lemma Vfun_idx_eq_ASFb:
  assumes "assm2 good B D mu Y"
  shows "Vfun B D mu (idx good b x)
       = ereal (idx good b x \<bullet> ASFb mu Y x b) + Dbar B D mu (ASFb mu Y x b)"
proof (rule antisym)
  show "Vfun B D mu (idx good b x)
      \<le> ereal (idx good b x \<bullet> ASFb mu Y x b) + Dbar B D mu (ASFb mu Y x b)"
    unfolding Vfun_def
    by (rule Sup_least) (use ASFb_maximizes(2)[OF assms] in \<open>auto simp: inner_commute\<close>)
qed (rule Vfun_ge_ASFb[OF assms])

text \<open>Envelope theorem: the affine function \<open>u \<mapsto> u \<bullet> y + Dbar y\<close> at the maximizer \<open>y\<close>
  supports \<open>V\<close> from below and touches it at \<open>idx good b x\<close>.\<close>
lemma ASFb_eq_pd_Vfun:
  assumes A2: "assm2 good B D mu Y" and S: "open S" "idx good b x \<in> S"
    and finite: "\<forall>u\<in>S. \<bar>Vfun B D mu u\<bar> \<noteq> \<infinity>"
    and diff: "(\<lambda>t. real_of_ereal (Vfun B D mu (idx good b x + t *\<^sub>R axis k 1))) differentiable (at 0)"
  shows "ASFb mu Y x b $ k = pd k (\<lambda>u. real_of_ereal (Vfun B D mu u)) (idx good b x)"
proof -
  define y where "y = ASFb mu Y x b"
  note touch = Vfun_idx_eq_ASFb[OF A2, where b=b and x=x, folded y_def]
  obtain d where d: "Dbar B D mu y = ereal d"
    using finite S(2) touch by (cases "Dbar B D mu y") auto
  have "pd k (\<lambda>u. real_of_ereal (Vfun B D mu u)) (idx good b x) = y $ k"
  proof (rule pd_eq_of_affine_minorant[OF S])
    show "v \<bullet> y + d \<le> real_of_ereal (Vfun B D mu v)" if "v \<in> S" for v
      using Vfun_ge_ASFb[OF A2, where u=v and b=b and x=x, folded y_def] finite that d
      by (cases "Vfun B D mu v") auto
    show "real_of_ereal (Vfun B D mu (idx good b x)) = idx good b x \<bullet> y + d"
      by (simp add: touch d)
  qed (rule diff)
  then show ?thesis by (simp add: y_def)
qed

lemma pds_ASF_eq_moment_mult:
  fixes good :: "'c::finite \<Rightarrow> 'k::finite" and cs :: "'c list"
  assumes A2: "assm2 good B D mu Y" and A5: "assm5 M B D mu nu Y" and len: "length cs = M"
  shows "pds cs (\<lambda>x. ASF nu mu Y x $ k) 0
     = integral\<^sup>L nu (\<lambda>b. prod_list (map (\<lambda>c. b $ c) cs))
       * pds (map good cs @ [k]) (\<lambda>u. real_of_ereal (Vfun B D mu u)) 0"
proof -
  define V where "V = (\<lambda>u. real_of_ereal (Vfun B D mu u))"
  from A5 obtain \<epsilon> where \<epsilon>: "\<epsilon> > 0" "\<forall>u\<in>ball 0 \<epsilon>. \<bar>Vfun B D mu u\<bar> \<noteq> \<infinity>"
    and smooth: "Ck_on (Suc M) V (ball 0 \<epsilon>)"
    unfolding assm5_def V_def by blast
  have diff: "(\<lambda>t. pds cs' V (u + t *\<^sub>R axis c 1)) differentiable (at 0)"
    if "length cs' \<le> M" "u \<in> ball 0 \<epsilon>" for cs' c u
    using smooth that unfolding Ck_on_def by auto
  have "pds cs (\<lambda>x. ASFb mu Y x b $ k) 0
      = prod_list (map (\<lambda>c. b $ c) cs) * pds (map good cs @ [k]) V 0" for b
  proof -
    have "pds cs (\<lambda>x. ASFb mu Y x b $ k) 0
      = prod_list (map (\<lambda>c. b $ c) cs) * pds (map good cs) (pd k V) (idx good b 0)"
    proof (rule pds_comp_idx[where S="ball 0 \<epsilon>" and n=M])
      show "ASFb mu Y x b $ k = pd k V (idx good b x)" if "idx good b x \<in> ball 0 \<epsilon>" for x
        unfolding V_def using diff[of "[]"] that \<epsilon>
        by (intro ASFb_eq_pd_Vfun[OF A2 _ that]) (auto simp: V_def)
      show "(\<lambda>t. pds cs' (pd k V) (u + t *\<^sub>R axis c 1)) differentiable (at 0)"
        if "length cs' < M" "u \<in> ball 0 \<epsilon>" for cs' c u
        using diff[of "cs' @ [k]"] that by (simp add: pds_append)
    qed (use len \<epsilon> in \<open>auto simp: idx_zero\<close>)
    then show ?thesis by (simp add: idx_zero pds_append)
  qed
  moreover have "pds cs (\<lambda>x. ASF nu mu Y x $ k) 0
      = integral\<^sup>L nu (\<lambda>b. pds cs (\<lambda>x. ASFb mu Y x b $ k) 0)"
    using A5 len unfolding assm5_def by blast
  ultimately show ?thesis by (simp add: V_def)
qed

theorem propositionB1:
  fixes good :: "'c::finite \<Rightarrow> 'k::finite"
    and M :: nat
    and B1 :: "(real^'k) set" and D1 :: "real^'k \<Rightarrow> 'e1 \<Rightarrow> ereal"
    and mu1 :: "'e1 measure" and nu1 :: "(real^'c) measure"
    and Y1 :: "real^'c \<Rightarrow> real^'c \<Rightarrow> 'e1 \<Rightarrow> real^'k"
    and B2 :: "(real^'k) set" and D2 :: "real^'k \<Rightarrow> 'e2 \<Rightarrow> ereal"
    and mu2 :: "'e2 measure" and nu2 :: "(real^'c) measure"
    and Y2 :: "real^'c \<Rightarrow> real^'c \<Rightarrow> 'e2 \<Rightarrow> real^'k"
    and cs :: "'c list"
  assumes M_pos: "M \<ge> 1"
    and model1: "rc_model good B1 D1 mu1 Y1"
    and A1_1: "assm1 nu1 mu1 Y1" and A2_1: "assm2 good B1 D1 mu1 Y1"
    and A5_1: "assm5 M B1 D1 mu1 nu1 Y1"
    and model2: "rc_model good B2 D2 mu2 Y2"
    and A1_2: "assm1 nu2 mu2 Y2" and A2_2: "assm2 good B2 D2 mu2 Y2"
    and A5_2: "assm5 M B2 D2 mu2 nu2 Y2"
    and same_ASF: "\<exists>H. open H \<and> 0 \<in> H \<and>
        (\<forall>x\<in>H. (\<forall>c. 0 \<le> x $ c) \<longrightarrow> ASF nu1 mu1 Y1 x = ASF nu2 mu2 Y2 x)"
    and same_V: "\<exists>\<epsilon>>0. \<exists>a::real. \<forall>u\<in>ball 0 \<epsilon>.
        Vfun B1 D1 mu1 u = Vfun B2 D2 mu2 u + ereal a"
    and len: "length cs = M"
  shows "integral\<^sup>L nu1 (\<lambda>b. prod_list (map (\<lambda>c. b $ c) cs))
       = integral\<^sup>L nu2 (\<lambda>b. prod_list (map (\<lambda>c. b $ c) cs))"
proof -
  obtain k :: 'k where True by simp
  define \<gamma> where "\<gamma> = map good cs @ [k]"
  define V1 where "V1 = (\<lambda>u. real_of_ereal (Vfun B1 D1 mu1 u))"
  define V2 where "V2 = (\<lambda>u. real_of_ereal (Vfun B2 D2 mu2 u))"
  have "pds cs (\<lambda>x. ASF nu1 mu1 Y1 x $ k) 0 = pds cs (\<lambda>x. ASF nu2 mu2 Y2 x $ k) 0"
  proof -
    obtain H where "open H" "0 \<in> H"
      "\<forall>x\<in>H. (\<forall>c. 0 \<le> x $ c) \<longrightarrow> ASF nu1 mu1 Y1 x = ASF nu2 mu2 Y2 x"
      using same_ASF by blast
    then show ?thesis
      using A5_1 A5_2 len unfolding assm5_def by (intro pds_eq_of_eq_on_orthant) auto
  qed
  moreover have "pds \<gamma> V1 0 = pds \<gamma> V2 0"
  proof -
    obtain \<epsilon> a where "\<epsilon> > 0" and shift: "\<forall>u\<in>ball 0 \<epsilon>. Vfun B1 D1 mu1 u = Vfun B2 D2 mu2 u + ereal a"
      using same_V by blast
    obtain \<epsilon>' where "\<epsilon>' > 0" and finite: "\<forall>u\<in>ball 0 \<epsilon>'. \<bar>Vfun B2 D2 mu2 u\<bar> \<noteq> \<infinity>"
      using A5_2 unfolding assm5_def by blast
    show ?thesis unfolding V1_def V2_def \<gamma>_def
    proof (rule pds_real_of_ereal_shift)
      show "\<forall>\<^sub>F u in nhds 0. Vfun B1 D1 mu1 u = Vfun B2 D2 mu2 u + ereal a"
        using eventually_nhds_ball[OF \<open>\<epsilon> > 0\<close>, of 0] by eventually_elim (use shift in auto)
      show "\<forall>\<^sub>F u in nhds 0. \<bar>Vfun B2 D2 mu2 u\<bar> \<noteq> \<infinity>"
        using eventually_nhds_ball[OF \<open>\<epsilon>' > 0\<close>, of 0] by eventually_elim (use finite in auto)
    qed simp
  qed
  moreover have "pds \<gamma> V1 0 \<noteq> 0"
    using A5_1 len unfolding assm5_def V1_def \<gamma>_def by simp
  ultimately show ?thesis
    using pds_ASF_eq_moment_mult[OF A2_1 A5_1 len, of k] pds_ASF_eq_moment_mult[OF A2_2 A5_2 len, of k]
    by (simp add: \<gamma>_def V1_def V2_def)
qed

end
(* Let $G=(X,\Sigma,\delta,X_0)$ be an NFA with observable events $\Sigma_o$ and a nonempty set of secret states $X_S\subseteq X$. Then $G$ is Inf-SSO w.r.t. $\Sigma_o$ and $X_S$ if and only if $G$ is $(|\hat X|\,2^{|X\setminus X_S|}-1)$-SSO w.r.t. $\Sigma_o$ and $X_S$, where $\hat X$ is the set of states of $G$ reachable from $X_S$.
   Context: An NFA is $G=(X,\Sigma,\delta,X_0)$ with finite state set $X$, finite event set $\Sigma$, initial states $X_0\subseteq X$, and transition function $\delta:X\times\Sigma\to 2^X$ extended to strings in the usual way. $\Sigma=\Sigma_o\dot\cup\Sigma_{uo}$, and $P:\Sigma^*\to\Sigma_o^*$ is the natural projection erasing unobservable events. $X_{NS}=X\setminus X_S$. A run $x_0\xrightarrow{s_1}x_1\cdots\xrightarrow{s_n}x_n$ means $x_{k+1}\in\delta(x_k,s_{k+1})$, written $x_0\xrightarrow{s}x_n$; it is non-secret if all its states lie in $X_{NS}$. $\hat X$ is the set of states $x$ with $x\in\delta(x_s,w)$ for some $x_s\in X_S$, $w\in\Sigma^*$ (including $X_S$ itself). $K$-SSO ($K\in\mathbb N$): $G$ is strongly $K$-step opaque w.r.t. $\Sigma_o$ and $X_S$ if for every run $x_0\xrightarrow{s}x_s\xrightarrow{t}x_t$ with $x_0\in X_0$, $x_s\in X_S$, $|P(t)|\le K$, there exists a run $x_0'\xrightarrow{s'}x_s'\xrightarrow{t'}x_t'$ with $x_0'\in X_0$, $P(s')=P(s)$, $P(t')=P(t)$, and the subrun $x_s'\xrightarrow{t'}x_t'$ non-secret. Inf-SSO (strong infinite-step opacity): the same condition required for all such runs with no bound on $|P(t)|$, i.e. $G$ is $K$-SSO for every $K\in\mathbb N$. *)

theory Defs
  imports Main
begin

++++++++++++++++++++

* _Problem statement_:
In the entries above, find the line holding "proof (rule pd_eq_of_affine_minorant[OF S])" and the line holding "nu (\<lambda>b. prod_list"; print both of them and every line between, exactly, and nothing else.

* _Final answer_:
  proof (rule pd_eq_of_affine_minorant[OF S])
    show "v \<bullet> y + d \<le> real_of_ereal (Vfun B D mu v)" if "v \<in> S" for v
      using Vfun_ge_ASFb[OF A2, where u=v and b=b and x=x, folded y_def] finite that d
      by (cases "Vfun B D mu v") auto
    show "real_of_ereal (Vfun B D mu (idx good b x)) = idx good b x \<bullet> y + d"
      by (simp add: touch d)
  qed (rule diff)
  then show ?thesis by (simp add: y_def)
qed

lemma pds_ASF_eq_moment_mult:
  fixes good :: "'c::finite \<Rightarrow> 'k::finite" and cs :: "'c list"
  assumes A2: "assm2 good B D mu Y" and A5: "assm5 M B D mu nu Y" and len: "length cs = M"
  shows "pds cs (\<lambda>x. ASF nu mu Y x $ k) 0
     = integral\<^sup>L nu (\<lambda>b. prod_list (map (\<lambda>c. b $ c) cs))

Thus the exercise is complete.